Do We Really Need To Fail?


Yesterday, I heard a report on NPR about the resource management department in North West Washington, in response to diminished funding – is certifying private boats for emergency duty in clean up, security, and rescue.  This is logical because nobody knows and understands the waters of Northern Puget Sound and The Strait of Juan De Fuca than the local tribes and others who ply those waters daily.

Today, I heard another report on NPR about how the City of Houston has gained far more from the demise of Enron than their existence.  Enron would recruit the top intellect in the country, move them to Houston and reward them for creativity and hard work.  The collapse of Enron released 4000 hugely talented people to the Houston Economy where many have started new businesses with remarkable success.

Vicious Circle or Virtuous circle:

I will not pass judgment beyond what these reports stated, except that there is something very valid about the “Knowledge Inventory” that exists in a community and their specific location.  The Jane Jacobs externality proposes that endowment of creative and educated people drives economic growth in a community by attracting investment and development, which attracts more smart people, etc.

Vicious Galaxies or Virtuous Galaxies

As the NPR reports suggest, the type of investment and development is dependent on the quality and quantity of knowledge assets that exist in a particular location.  Now, let’s extrapolate that to include all disciplines and talents of knowledge that exist in all communities and we encounter a stark reality that there is no knowledge inventory from which to build – except in the response to a failure such as the corrosion of government spending or in the wake of corruption and associated corporate collapse.

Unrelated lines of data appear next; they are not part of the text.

definition contr_mat :: "('a \<Rightarrow> 'a \<Rightarrow> enat) \<Rightarrow> 'a \<Rightarrow> 'a \<Rightarrow> 'a \<Rightarrow> 'a \<Rightarrow> 'a \<Rightarrow> enat" where
  "contr_mat M sp sm s0 s t =
     (if s = t then 1
      else if t = s0 then contr_val M sp sm s
      else if s = s0 then contr_val M sp sm t
      else M s t)"

definition phi_word :: "'a \<Rightarrow> 'a \<Rightarrow> 'a \<Rightarrow> 'a list \<Rightarrow> 'a list" where
  "phi_word sp sm s0 w = concat (map (\<lambda>s. if s = s0 then [sp, sm, sp] else [s]) w)"

text \<open>Vectors of V_S are finitely supported real functions supported in S; alpha s is the basis vector.\<close>
definition vecs :: "'a set \<Rightarrow> ('a \<Rightarrow> real) set" where
  "vecs S = {v. finite {t. v t \<noteq> 0} \<and> (\<forall>t. t \<notin> S \<longrightarrow> v t = 0)}"

definition alpha :: "'a \<Rightarrow> 'a \<Rightarrow> real" where
  "alpha s = (\<lambda>t. if t = s then 1 else 0)"

definition kcoef :: "('a \<Rightarrow> 'a \<Rightarrow> enat) \<Rightarrow> 'a \<Rightarrow> 'a \<Rightarrow> real" where
  "kcoef M s t = (case M s t of enat m \<Rightarrow> 2 * cos (pi / real m) | \<infinity> \<Rightarrow> 2)"

text \<open>sigma_s (alpha_t) = alpha_t + k_{s,t} alpha_s, extended linearly.\<close>
definition sigma_gen :: "('a \<Rightarrow> 'a \<Rightarrow> enat) \<Rightarrow> 'a \<Rightarrow> ('a \<Rightarrow> real) \<Rightarrow> ('a \<Rightarrow> real)" where
  "sigma_gen M s v = (\<lambda>t. v t + (if t = s then (\<Sum>t'\<in>{t'. v t' \<noteq> 0}. v t' * kcoef M s t') else 0))"

fun sigma_word :: "('a \<Rightarrow> 'a \<Rightarrow> enat) \<Rightarrow> 'a list \<Rightarrow> ('a \<Rightarrow> real) \<Rightarrow> ('a \<Rightarrow> real)" where
  "sigma_word M [] = id"
| "sigma_word M (s # w) = sigma_gen M s \<circ> sigma_word M w"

Yes, it is often said that adversity brings out the best in people, but is that really necessary?  Do we really need for the whole rig to collapse before we emerge from the ashes? 

We need to build the knowledge inventory today.  People need to know what people know – that is where the truth lives.   We need to know what can be built from the parts that we have in the bin.  We don’t want to try to build something from the wrong parts any more than we want to misallocate the right parts to build the wrong things.  In any industry in the world, none of these situations would pass the stink test, yet this is the state of our communities today.  We don’t even know that we don’t know what we know.  Seriously, is anyone else wondering about these things?